University of Virginia Medical Center

Employees screen visitors at the University of Virginia Medical Center on Sunday. A $1 million grant from the Charlottesville-based Quantitative Foundation will allow UVa Health to expand production and use of its COVID-19 test.

As the Charlottesville area saw another case of coronavirus, the University of Virginia Medical Center prohibited visitors to inpatient units starting at 10 p.m. Sunday and increased its restrictions on visitors to outpatient facilities.

The Charlottesville area had 10 confirmed cases of COVID-19, which is caused by the coronavirus, as of Sunday evening, according to the Thomas Jefferson Health District.

The UVa Health System said that unit managers are allowed to make exceptions on the new restrictions for specific patients if the visitor has no symptoms. Exceptions include patients at the end of life, mothers in labor and pediatric patients.

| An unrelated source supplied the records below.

(* Let $mG$ be a finite $|N|$-player canonical misinformation game with $|S|$ pure strategy profiles (positions). Then the length $\mathfrak{L}_{\mathcal{AD}}(mG)$ of the Adaptation Procedure on $mG$ satisfies $\mathfrak{L}_{\mathcal{AD}}(mG)\le |S|$.
   Context: A normal-form game is $G=\langle N,S,P\rangle$ with finite players $N$, finite pure strategy sets $S_i$, positions $S=\times_i S_i$, payoffs $P_i:S\to\mathbb{R}$. A misinformation game $mG=\langle G^0,G^1,\dots,G^{|N|}\rangle$ consists of the actual game $G^0$ and subjective games $G^i$; it is canonical if all $G^i=\langle N,S,P^i\rangle$ differ from $G^0$ only in payoffs and in every $G^i$ all players have equally many pure strategies. $NME(mG)$ is the set of profiles $\sigma=(\sigma_1,\dots,\sigma_{|N|})$ such that each $\sigma_i$ is player $i$'s component of some Nash equilibrium of $G^i$. $\chi(\sigma)=\mathrm{supp}(\sigma_1)\times\dots\times\mathrm{supp}(\sigma_{|N|})$. For $\vec v\in S$, $mG_{\vec v}$ is obtained by replacing, in every $P^i$ ($i\ge1$), the payoff vector at position $\vec v$ by $P^0(\vec v)$. For a set $M$ of misinformation games, $\mathcal{AD}(M)=\{mG_{\vec u}: mG\in M,\sigma\in NME(mG),\vec u\in\chi(\sigma)\}$, $\mathcal{AD}^{(0)}(M)=M$, $\mathcal{AD}^{(t+1)}(M)=\mathcal{AD}^{(t)}(\mathcal{AD}(M))$. The length $\mathfrak{L}_{\mathcal{AD}}(mG)$ of the Adaptation Procedure on $mG$ is the least $t\ge0$ with $\mathcal{AD}^{(t+1)}(\{mG\})=\mathcal{AD}^{(t)}(\{mG\})$. *)

theory Defs
  imports Complex_Main
begin

text \<open>Players are 0,...,n-1; player i has pure strategies 0,...,k i - 1.
  A position is an extensional function s with s i < k i for i < n and s i = 0 otherwise.
  A canonical misinformation game (all component games share N and S) is represented by
  its family of payoff functions  mg j s p  (game j, position s, player p), where game 0 is
  the actual game and game Suc i is the subjective game of player i (i < n).\<close>

type_synonym payoff = "(nat \<Rightarrow> nat) \<Rightarrow> nat \<Rightarrow> real"
type_synonym mgame = "nat \<Rightarrow> payoff"

definition positions :: "nat \<Rightarrow> (nat \<Rightarrow> nat) \<Rightarrow> (nat \<Rightarrow> nat) set" where
  "positions n k = {s. (\<forall>i<n. s i < k i) \<and> (\<forall>i. n \<le> i \<longrightarrow> s i = 0)}"

definition mixed :: "(nat \<Rightarrow> nat) \<Rightarrow> nat \<Rightarrow> (nat \<Rightarrow> real) \<Rightarrow> bool" where
  "mixed k i \<tau> \<longleftrightarrow> (\<forall>a. 0 \<le> \<tau> a) \<and> (\<forall>a. k i \<le> a \<longrightarrow> \<tau> a = 0) \<and> (\<Sum>a<k i. \<tau> a) = 1"

definition profile :: "nat \<Rightarrow> (nat \<Rightarrow> nat) \<Rightarrow> (nat \<Rightarrow> nat \<Rightarrow> real) \<Rightarrow> bool" where
  "profile n k \<sigma> \<longleftrightarrow> (\<forall>i<n. mixed k i (\<sigma> i)) \<and> (\<forall>i. n \<le> i \<longrightarrow> \<sigma> i = (\<lambda>_. 0))"

definition EU :: "nat \<Rightarrow> (nat \<Rightarrow> nat) \<Rightarrow> payoff \<Rightarrow> (nat \<Rightarrow> nat \<Rightarrow> real) \<Rightarrow> nat \<Rightarrow> real" where
  "EU n k P \<sigma> i = (\<Sum>s\<in>positions n k. (\<Prod>j<n. \<sigma> j (s j)) * P s i)"

definition nash :: "nat \<Rightarrow> (nat \<Rightarrow> nat) \<Rightarrow> payoff \<Rightarrow> (nat \<Rightarrow> nat \<Rightarrow> real) \<Rightarrow> bool" where
  "nash n k P \<sigma> \<longleftrightarrow> profile n k \<sigma> \<and>
     (\<forall>i<n. \<forall>\<tau>. mixed k i \<tau> \<longrightarrow> EU n k P (\<sigma>(i := \<tau>)) i \<le> EU n k P \<sigma> i)"

definition NME :: "nat \<Rightarrow> (nat \<Rightarrow> nat) \<Rightarrow> mgame \<Rightarrow> (nat \<Rightarrow> nat \<Rightarrow> real) set" where
  "NME n k mg = {\<sigma>. profile n k \<sigma> \<and> (\<forall>i<n. \<exists>\<tau>. nash n k (mg (Suc i)) \<tau> \<and> \<sigma> i = \<tau> i)}"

The new restrictions on outpatient areas allow only one designated visitor for the duration of a patient’s stay.

The increased restrictions come on the heels of regulations announced on Saturday that require screenings for all who enter facilities and for clinic visits through April 6 to be rescheduled.

Local medical professionals have collaborated with SupportCville to coordinate donations of critical supplies amid the pandemic.

Equip Cville was launched Sunday to get residents in touch with professionals to donate supplies, particularly protective equipment, such as face masks and hand sanitizer.

On Saturday, hundreds of medical professionals signed on to a petition started by Charlottesville pediatrician Dr. Paige Perriello urging Gov. Ralph Northam to address the supply crisis.

SupportCville is a collaboration between WillowTree, a Charlotesville app developer, and local activists to create a centralized site that coordinates efforts to help the community during the pandemic.

To contact the health professionals, visit tinyurl.com/equipcville.

The petition asks the governor to funnel supplies currently sitting unused in closed schools, labs and businesses to hospitals; incentivize solutions; and establish clear communication lines between medical professionals and the Virginia Department of Health.

On Sunday, Northam said the Virginia Department of Emergency Management has shipped a major supply to emergency medical services, health districts and hospitals across the state. He also called on private companies to do more to help with supplies of gloves, gowns, masks and respirators, according to the Richmond Times-Dispatch.

Survey in the works

The University of Virginia’s Center for Survey Research is recruiting residents in Central Virginia to join its standing survey pool ahead of a planned survey on the virus.

BeHeardCVA is drafting a survey that will focus on how information has been shared and how the virus has affected everyday life.

Jane Foy, community ambassador for BeHeardCVA, said the survey should be available by the end of next week.

“This might be one of the most important surveys that we do,” she said.

BeHeardCVA participants are part of a standing pool of residents of Charlottesville and the counties of Albemarle, Fluvanna, Louisa, Nelson and Greene who have agreed to be contacted about surveys. The effort, led by the Weldon Cooper Center for Public Service at UVa, aims to more easily and affordably conduct representative surveys.

Foy said it takes about five minutes to sign up for free on the website. Respondents will not be identified by name in the results.

Those who want to participate can choose how they will be notified that the survey is live. Foy said it will stay public for a few weeks. The survey also will be available over the phone in Spanish.

To participate, visit beheardcva.org.

Local cases

The Charlottesville area had at least one new case of the virus reported on Sunday, with a second reported in Louisa County.

The case brings the local number of cases to 10, according to the Thomas Jefferson Health District.

The Virginia Department of Health reported 219 cases in the state on Sunday, with the 67 new confirmed cases marking the biggest day-to-day increase since the first case was reported earlier this month.

The state numbers have been lagging behind local health districts in reporting, but now are showing inconsistencies. VDH reported two cases in Albemarle County, although four were reported locally Sunday. The state also reported four in Charlottesville when local officials reported three.